» **Directions for this task**
Transcribe the data below verbatim from the line with "assms(2-4) by auto" to the line with "j \<and> Suc". Include both of those lines.

Stored items:
********

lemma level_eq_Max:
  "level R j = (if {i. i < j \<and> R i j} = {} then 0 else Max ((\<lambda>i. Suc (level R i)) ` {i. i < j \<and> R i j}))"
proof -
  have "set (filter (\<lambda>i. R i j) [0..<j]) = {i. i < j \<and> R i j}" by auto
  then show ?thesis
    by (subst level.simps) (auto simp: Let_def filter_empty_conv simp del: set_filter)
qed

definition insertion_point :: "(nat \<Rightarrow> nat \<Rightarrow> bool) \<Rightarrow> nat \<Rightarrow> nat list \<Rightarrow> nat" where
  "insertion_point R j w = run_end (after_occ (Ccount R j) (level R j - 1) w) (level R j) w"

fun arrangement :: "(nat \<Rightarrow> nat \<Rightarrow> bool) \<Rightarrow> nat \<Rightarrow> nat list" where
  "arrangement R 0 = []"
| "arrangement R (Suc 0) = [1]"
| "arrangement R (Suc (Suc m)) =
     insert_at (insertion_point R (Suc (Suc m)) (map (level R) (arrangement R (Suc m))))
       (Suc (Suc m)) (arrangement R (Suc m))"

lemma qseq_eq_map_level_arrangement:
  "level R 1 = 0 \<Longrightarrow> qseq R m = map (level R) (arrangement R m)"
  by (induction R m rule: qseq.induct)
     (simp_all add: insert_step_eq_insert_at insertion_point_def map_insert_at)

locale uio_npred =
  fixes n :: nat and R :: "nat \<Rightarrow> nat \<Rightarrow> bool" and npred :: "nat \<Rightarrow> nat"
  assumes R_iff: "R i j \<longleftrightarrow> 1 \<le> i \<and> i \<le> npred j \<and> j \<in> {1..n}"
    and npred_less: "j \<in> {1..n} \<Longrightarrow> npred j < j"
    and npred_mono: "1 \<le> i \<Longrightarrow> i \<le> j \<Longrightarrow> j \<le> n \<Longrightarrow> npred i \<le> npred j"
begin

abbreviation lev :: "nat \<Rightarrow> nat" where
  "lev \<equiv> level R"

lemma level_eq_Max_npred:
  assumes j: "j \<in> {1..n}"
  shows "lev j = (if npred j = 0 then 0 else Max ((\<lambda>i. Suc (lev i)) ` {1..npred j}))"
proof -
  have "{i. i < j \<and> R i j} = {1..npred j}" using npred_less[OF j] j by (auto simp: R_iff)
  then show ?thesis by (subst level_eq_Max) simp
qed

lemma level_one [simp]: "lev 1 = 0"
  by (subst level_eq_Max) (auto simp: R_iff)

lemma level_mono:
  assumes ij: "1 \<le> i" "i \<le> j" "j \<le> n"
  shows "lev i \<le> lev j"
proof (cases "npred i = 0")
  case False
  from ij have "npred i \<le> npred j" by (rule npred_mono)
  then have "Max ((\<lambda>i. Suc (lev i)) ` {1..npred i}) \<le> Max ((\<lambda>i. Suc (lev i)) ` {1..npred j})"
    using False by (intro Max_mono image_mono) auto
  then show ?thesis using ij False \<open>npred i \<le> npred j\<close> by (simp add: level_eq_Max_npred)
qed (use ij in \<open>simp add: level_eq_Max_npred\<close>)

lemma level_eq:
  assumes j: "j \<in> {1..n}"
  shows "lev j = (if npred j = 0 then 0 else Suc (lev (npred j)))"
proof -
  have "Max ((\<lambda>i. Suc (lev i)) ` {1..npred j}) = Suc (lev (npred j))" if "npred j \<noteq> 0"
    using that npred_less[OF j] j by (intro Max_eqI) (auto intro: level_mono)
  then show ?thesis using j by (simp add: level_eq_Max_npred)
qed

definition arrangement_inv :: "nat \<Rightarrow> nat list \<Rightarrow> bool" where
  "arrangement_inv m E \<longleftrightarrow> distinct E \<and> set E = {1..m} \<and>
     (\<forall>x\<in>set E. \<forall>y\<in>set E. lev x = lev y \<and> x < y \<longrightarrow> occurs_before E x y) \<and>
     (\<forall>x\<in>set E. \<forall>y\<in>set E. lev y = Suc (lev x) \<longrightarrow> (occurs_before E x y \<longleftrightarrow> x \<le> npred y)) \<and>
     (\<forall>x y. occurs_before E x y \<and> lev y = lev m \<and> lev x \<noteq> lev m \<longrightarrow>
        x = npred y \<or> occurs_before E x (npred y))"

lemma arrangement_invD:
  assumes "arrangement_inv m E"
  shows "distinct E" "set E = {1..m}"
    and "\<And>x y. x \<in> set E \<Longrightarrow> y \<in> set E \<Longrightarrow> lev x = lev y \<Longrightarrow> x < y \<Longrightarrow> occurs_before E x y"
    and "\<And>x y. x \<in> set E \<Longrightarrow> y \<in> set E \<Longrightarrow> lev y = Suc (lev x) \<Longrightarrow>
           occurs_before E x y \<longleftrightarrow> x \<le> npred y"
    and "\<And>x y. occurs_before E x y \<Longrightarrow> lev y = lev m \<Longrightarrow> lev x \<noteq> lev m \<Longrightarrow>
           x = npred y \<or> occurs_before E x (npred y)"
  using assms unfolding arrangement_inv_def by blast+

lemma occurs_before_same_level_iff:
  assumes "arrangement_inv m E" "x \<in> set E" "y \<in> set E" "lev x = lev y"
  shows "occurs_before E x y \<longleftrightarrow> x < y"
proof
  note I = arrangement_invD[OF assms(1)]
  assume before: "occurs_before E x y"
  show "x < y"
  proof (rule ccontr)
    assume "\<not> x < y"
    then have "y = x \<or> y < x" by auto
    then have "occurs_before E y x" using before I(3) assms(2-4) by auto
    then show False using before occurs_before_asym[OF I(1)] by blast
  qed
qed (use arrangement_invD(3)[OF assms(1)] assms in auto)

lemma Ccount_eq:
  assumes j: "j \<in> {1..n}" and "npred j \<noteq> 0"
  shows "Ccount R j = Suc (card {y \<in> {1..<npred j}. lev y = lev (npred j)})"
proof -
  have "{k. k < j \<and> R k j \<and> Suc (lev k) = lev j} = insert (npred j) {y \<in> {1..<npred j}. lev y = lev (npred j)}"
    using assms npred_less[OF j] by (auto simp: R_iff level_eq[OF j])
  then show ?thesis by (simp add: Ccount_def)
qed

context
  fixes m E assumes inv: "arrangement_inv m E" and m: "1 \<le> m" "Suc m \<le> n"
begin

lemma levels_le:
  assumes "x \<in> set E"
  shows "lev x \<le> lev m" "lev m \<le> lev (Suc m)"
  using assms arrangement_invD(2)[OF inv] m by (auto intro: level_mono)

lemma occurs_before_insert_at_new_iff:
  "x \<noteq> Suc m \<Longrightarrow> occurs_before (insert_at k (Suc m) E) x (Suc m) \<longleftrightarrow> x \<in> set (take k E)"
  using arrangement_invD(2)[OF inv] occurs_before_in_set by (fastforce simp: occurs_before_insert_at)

********

» **Solution to this exercise**
    then have "occurs_before E y x" using before I(3) assms(2-4) by auto
    then show False using before occurs_before_asym[OF I(1)] by blast
  qed
qed (use arrangement_invD(3)[OF assms(1)] assms in auto)

lemma Ccount_eq:
  assumes j: "j \<in> {1..n}" and "npred j \<noteq> 0"
  shows "Ccount R j = Suc (card {y \<in> {1..<npred j}. lev y = lev (npred j)})"
proof -
  have "{k. k < j \<and> R k j \<and> Suc (lev k) = lev j} = insert (npred j) {y \<in> {1..<npred j}. lev y = lev (npred j)}"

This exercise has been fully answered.